> [Task instructions] Go through the records and count every line that holds "jacT". Only the number belongs in the reply.

> [Supplied data]

(* In the setting described in the context, for every $n\ge1$ and every $y\in\mathbb R^p$, $$\tau_n\widetilde J(x_n,w_n,y)\le\langle x_{n+1}-z_{n+1},x^\star-x_{n+1}\rangle+\frac1\beta\langle y_n-y_{n-1},y-y_n\rangle+\psi\delta_n\langle x_n-z_{n+1},x_{n+1}-x_n\rangle+\tau_n\langle\theta_n,x_n-x_{n+1}\rangle,$$ where $\widetilde J(x,w,y)=F(x,w)+\langle y,H(x)-w\rangle-F(x^\star,w^\star)$.
   Context: Let $f:\mathbb{R}^p\to(-\infty,+\infty]$ and $g:\mathbb{R}^q\to(-\infty,+\infty]$ be proper closed convex functions; $f^*$ is the Fenchel conjugate, $\mathrm{dom}$ the effective domain, $\mathrm{Prox}_{\lambda h}(x)=\arg\min_u\{h(u)+\frac{1}{2\lambda}\|u-x\|^2\}$. Let $h:\mathbb R^q\to\mathbb R$ be convex with $L_h$-Lipschitz gradient, and $H:\mathrm{dom}(g)\to\mathrm{dom}(f)$ continuously differentiable with Jacobian $H'$, such that $x\mapsto\langle H(x),y\rangle$ is convex for every $y\in\mathrm{dom}(f^* )$. Set $\Phi(x,y)=h(x)+\langle H(x),y\rangle$ and $\mathcal L(x,y)=g(x)+\Phi(x,y)-f^*(y)$. Assume: (A1) the set of saddle points $\{(x^\star,y^\star)\in\mathrm{dom}(g)\times\mathrm{dom}(f^* ):-\nabla_x\Phi(x^\star,y^\star)\in\partial g(x^\star),\ \nabla_y\Phi(x^\star,y^\star)\in\partial f^*(y^\star)\}$ is nonempty, $\mathrm{dom}(g)\times\mathrm{dom}(f^* )\subseteq\mathrm{dom}(\Phi)$, $\mathcal L(x^\star,y^\star)$ finite; (A2) $\Phi(\cdot,y)$ convex differentiable, $\Phi(x,\cdot)$ concave differentiable, and on every pair of bounded sets $\mathcal X,\mathcal Y$ there are $L_{yy},L_{xx}\ge0,L_{xy}>0$ with $\|\nabla_y\Phi(x,y)-\nabla_y\Phi(x,\tilde y)\|\le L_{yy}\|y-\tilde y\|$, $\|\nabla_x\Phi(x,y)-\nabla_x\Phi(\tilde x,\tilde y)\|\le L_{xx}\|x-\tilde x\|+L_{xy}\|y-\tilde y\|$ on $(\mathcal X\cap\mathrm{dom}(g))\times(\mathcal Y\cap\mathrm{dom}(f^* ))$. Let $F(x,w)=g(x)+h(x)+f(w)$, and let $(x^\star,w^\star,y^\star)$ be a fixed point of $\widetilde\Omega=\{(x,w,y)\in\mathrm{dom}(g)\times\mathrm{dom}(f)\times\mathrm{dom}(f^* ): -H'(x)^\top y-\nabla h(x)\in\partial g(x),\ y\in\partial f(w),\ H(x)=w\}$. Algorithm PDAc-L (applied to this $\Phi$): choose $\psi\in(1,1+\sqrt3)$, $\xi>0$, $\varphi>1$ with $\omega:=2\psi-\xi-\frac{\psi^3\varphi}{1+\psi}>0$, $\tau_{\max}>0$, $\nu,\mu\in(0,1)$, $\eta\in[0,1)$, integer $M\ge1$, $\beta>0$, $x_0\in\mathrm{dom}(g)$, $y_0\in\mathrm{dom}(f^* )$, $\tau_0\in(0,\tau_{\max}]$; $z_0=x_0$, $\delta_0=1$. For $n\ge1$: $z_n=\frac{\psi-1}{\psi}x_{n-1}+\frac1\psi z_{n-1}$, $x_n=\mathrm{Prox}_{\tau_{n-1}g}(z_n-\tau_{n-1}\nabla_x\Phi(x_{n-1},y_{n-1}))$; with $\tau=\min\{\varphi\tau_{n-1},\tau_{\max}\}$, set $\tau_n=\tau\mu^i$, $y_n=\mathrm{Prox}_{\beta\tau_nf^*}(y_{n-1}+\beta\tau_nH(x_n))$, where $i\ge0$ is the smallest integer with $\frac{\tau_n\tau_{n-1}}{\xi}\|\theta_n\|^2+2\tau_n\Phi_n^y\le\nu r_n+(1-\nu)c_n$, $\theta_n=\nabla_x\Phi(x_n,y_n)-\nabla_x\Phi(x_{n-1},y_{n-1})$, $\Phi_n^y=\Phi(x_n,y_{n-1})+\langle\nabla_y\Phi(x_n,y_{n-1}),y_n-y_{n-1}\rangle-\Phi(x_n,y_n)$ (here $=0$), $r_n=\omega\delta_{n-1}\|x_n-x_{n-1}\|^2+\frac1\beta\|y_n-y_{n-1}\|^2$, $c_n=\frac{\eta}{|\mathcal I_n|}\sum_{i\in\mathcal I_n}r_i$, $\mathcal I_n=\{n-1,\dots,\max\{n-M,1\}\}$ ($c_1:=0$); $\delta_n=\tau_n/\tau_{n-1}$. Define $w_n=\mathrm{Prox}_{f/(\beta\tau_n)}(y_{n-1}/(\beta\tau_n)+H(x_n))$, so that $y_n=y_{n-1}+\beta\tau_n(H(x_n)-w_n)$. *)

theory Defs
  imports "HOL-Analysis.Analysis"
begin

definition edom :: "('a \<Rightarrow> ereal) \<Rightarrow> 'a set" where
  "edom f = {x. f x < \<infinity>}"

definition epigraph :: "('a \<Rightarrow> ereal) \<Rightarrow> ('a \<times> real) set" where
  "epigraph f = {(x, t). f x \<le> ereal t}"

definition proper_fun :: "('a \<Rightarrow> ereal) \<Rightarrow> bool" where
  "proper_fun f \<longleftrightarrow> (\<forall>x. f x \<noteq> -\<infinity>) \<and> (\<exists>x. f x < \<infinity>)"

definition closed_convex_proper ::
  "('a::real_normed_vector \<Rightarrow> ereal) \<Rightarrow> bool" where
  "closed_convex_proper f \<longleftrightarrow>
     proper_fun f \<and> convex (epigraph f) \<and> closed (epigraph f)"

definition fconj :: "('a::real_inner \<Rightarrow> ereal) \<Rightarrow> 'a \<Rightarrow> ereal" where
  "fconj f y = (SUP w. ereal (inner w y) - f w)"

definition subdiff :: "('a::real_inner \<Rightarrow> ereal) \<Rightarrow> 'a \<Rightarrow> 'a set" where
  "subdiff f x = {v. f x < \<infinity> \<and> (\<forall>u. f x + ereal (inner v (u - x)) \<le> f u)}"

definition Prox :: "real \<Rightarrow> ('a::real_normed_vector \<Rightarrow> ereal) \<Rightarrow> 'a \<Rightarrow> 'a" where
  "Prox lam h x = (SOME u. \<forall>v. h u + ereal (norm (u - x)^2 / (2 * lam))
                              \<le> h v + ereal (norm (v - x)^2 / (2 * lam)))"

text \<open>Transposed Jacobian: jacT D y is the vector H'(x)^T y, where D = H'(x) is linear.\<close>
definition jacT :: "('a::euclidean_space \<Rightarrow> 'b::real_inner) \<Rightarrow> 'b \<Rightarrow> 'a" where
  "jacT D y = (\<Sum>i\<in>Basis. inner y (D i) *\<^sub>R i)"
lemma closed_codim_one_vimage_dense_range:
  fixes i :: "'a::real_normed_vector \<Rightarrow> 'b::real_normed_vector"
  assumes "bounded_linear i" "closure (range i) = UNIV" "closed L" "codim_one L"
  shows "closed (i -` L) \<and> codim_one (i -` L) \<and> closure (i ` (i -` L)) = L"
proof -
  have lin: "linear i" using assms(1) by (rule bounded_linear.linear)
  obtain w where "w \<notin> L" using assms(4) unfolding codim_one_def by blast
  then obtain g :: "'b \<Rightarrow> real" where g: "bounded_linear g" "L = {x. g x = 0}"
    using closed_codim_one_eq_kernel[OF assms(3,4)] by metis
  have vimage: "i -` L = {h. g (i h) = 0}" using g(2) by auto
  have "\<not> range i \<subseteq> L"
    using closure_minimal[OF _ assms(3)] assms(2) \<open>w \<notin> L\<close> by blast
  then obtain h0 where "g (i h0) \<noteq> 0" using g(2) by auto
  have "linear (\<lambda>h. g (i h))"
    using linear_compose[OF lin bounded_linear.linear[OF g(1)]] by (simp add: o_def)
  then have "codim_one (i -` L)"
    unfolding vimage using \<open>g (i h0) \<noteq> 0\<close> by (rule codim_one_kernel)
  moreover have "closed (i -` L)"
    using continuous_closed_vimage[OF assms(3)] linear_continuous_at[OF assms(1)] by blast
  moreover have "closure (i ` (i -` L)) = L"
    unfolding g(2) using closure_image_kernel_dense_range[OF lin assms(2) g(1)]
    by (simp add: vimage_def)
  ultimately show ?thesis by blast
qed

lemma codim_one_eq_vimage_closure_image:
  fixes i :: "'a::real_vector \<Rightarrow> 'b::real_normed_vector"
  assumes "linear i" "closure (range i) = UNIV" "codim_one M" "closure (i ` M) \<noteq> UNIV"
  shows "M = i -` closure (i ` M)"
proof (rule codim_one_maximal[OF assms(3)])
  have "subspace M" using assms(3) unfolding codim_one_def by blast
  then show "subspace (i -` closure (i ` M))"
    by (intro linear_subspace_vimage[OF assms(1)] subspace_closure linear_subspace_image[OF assms(1)])
  show "M \<subseteq> i -` closure (i ` M)" using closure_subset[of "i ` M"] by blast
  show "i -` closure (i ` M) \<noteq> UNIV"
  proof
    assume "i -` closure (i ` M) = UNIV"
    then have "closure (range i) \<subseteq> closure (i ` M)" by (intro closure_minimal) auto
    with assms(2,4) show False by blast
  qed
qed

lemma codim_one_closure_image_kernel:
  fixes i :: "'a::real_normed_vector \<Rightarrow> 'b::banach" and f :: "'a \<Rightarrow> real"
  assumes "linear i" "inj i" "closure (range i) = UNIV" "linear f" "f \<noteq> (\<lambda>_. 0)"
    and "continuous_on (range i) (f \<circ> inv i)"
  shows "codim_one (closure (i ` {h. f h = 0}))"
proof -
  obtain F :: "'b \<Rightarrow> real" where F: "bounded_linear F" "\<And>h. F (i h) = f h"
    using bounded_linear_extension_dense_range[OF assms(1-4,6)] by metis
  obtain h0 where "f h0 \<noteq> 0" using assms(5) by blast
  have "closure (i ` {h. f h = 0}) = {x. F x = 0}"
    using closure_image_kernel_dense_range[OF assms(1,3) F(1)] by (simp add: F(2))
  then show ?thesis
    using codim_one_kernel[OF bounded_linear.linear[OF F(1)], of "i h0"] F(2) \<open>f h0 \<noteq> 0\<close> by simp
qed

lemma closure_image_kernel_eq_UNIV:
  fixes i :: "'a::real_normed_vector \<Rightarrow> 'b::real_normed_vector" and f :: "'a \<Rightarrow> real"
  assumes "linear i" "inj i" "closure (range i) = UNIV" "linear f"
    and "\<not> continuous_on (range i) (f \<circ> inv i)"
  shows "closure (i ` {h. f h = 0}) = UNIV"
proof -
  let ?K = "closure (i ` {h. f h = 0})"
  have sub: "subspace ?K"
    by (intro subspace_closure linear_subspace_image[OF assms(1)] linear_subspace_kernel[OF assms(4)])
  obtain h0 where "f h0 \<noteq> 0"
  proof (rule ccontr)
    assume "\<not> thesis"
    then have "f \<circ> inv i = (\<lambda>_. 0)" using that by (auto simp: fun_eq_iff)
    with assms(5) show False by simp
  qed
  define u where "u = (1 / f h0) *\<^sub>R h0"
  have "f u = 1" using \<open>f h0 \<noteq> 0\<close> by (simp add: u_def linear_scale[OF assms(4)])
  have split: "i h - f h *\<^sub>R i u \<in> ?K" for h
  proof -
    have "i h - f h *\<^sub>R i u = i (h - f h *\<^sub>R u)"
      by (simp add: linear_diff[OF assms(1)] linear_scale[OF assms(1)])
    moreover have "f (h - f h *\<^sub>R u) = 0"
      using \<open>f u = 1\<close> by (simp add: linear_diff[OF assms(4)] linear_scale[OF assms(4)])
    ultimately show ?thesis using closure_subset by fastforce
  qed
  have "i u \<in> ?K"
  proof (rule ccontr)
    \<comment> \<open>Otherwise \<open>i u\<close> keeps a positive distance from \<open>?K\<close>, which bounds \<open>f\<close> by the norm of \<open>i\<close>.\<close>
    assume "i u \<notin> ?K"
    moreover have "?K \<noteq> {}" using subspace_0[OF sub] by (metis empty_iff)
    ultimately have "infdist (i u) ?K > 0"
      by (simp add: infdist_pos_not_in_closed)
    have "\<bar>f h\<bar> * infdist (i u) ?K \<le> norm (i h)" for h
      by (rule infdist_coefficient_bound[OF sub split])
    with \<open>infdist (i u) ?K > 0\<close>
    have "norm (f h) \<le> (1 / infdist (i u) ?K) * norm (i h)" for h
      by (simp add: field_simps)
    with \<open>infdist (i u) ?K > 0\<close>
    have "(1 / infdist (i u) ?K)-lipschitz_on (range i) (f \<circ> inv i)"
      by (intro lipschitz_on_range_comp_inv assms(1,2,4)) auto
    then have "continuous_on (range i) (f \<circ> inv i)"
      by (rule lipschitz_on_continuous_on)
    with assms(5) show False by contradiction
  qed
  have "i h \<in> ?K" for h
    using subspace_add[OF sub split[of h] subspace_scale[OF sub \<open>i u \<in> ?K\<close>, of "f h"]] by simp
  then have "closure (range i) \<subseteq> ?K" by (intro closure_minimal) auto
  with assms(3) show ?thesis by blast
qed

> [Output for this task] 3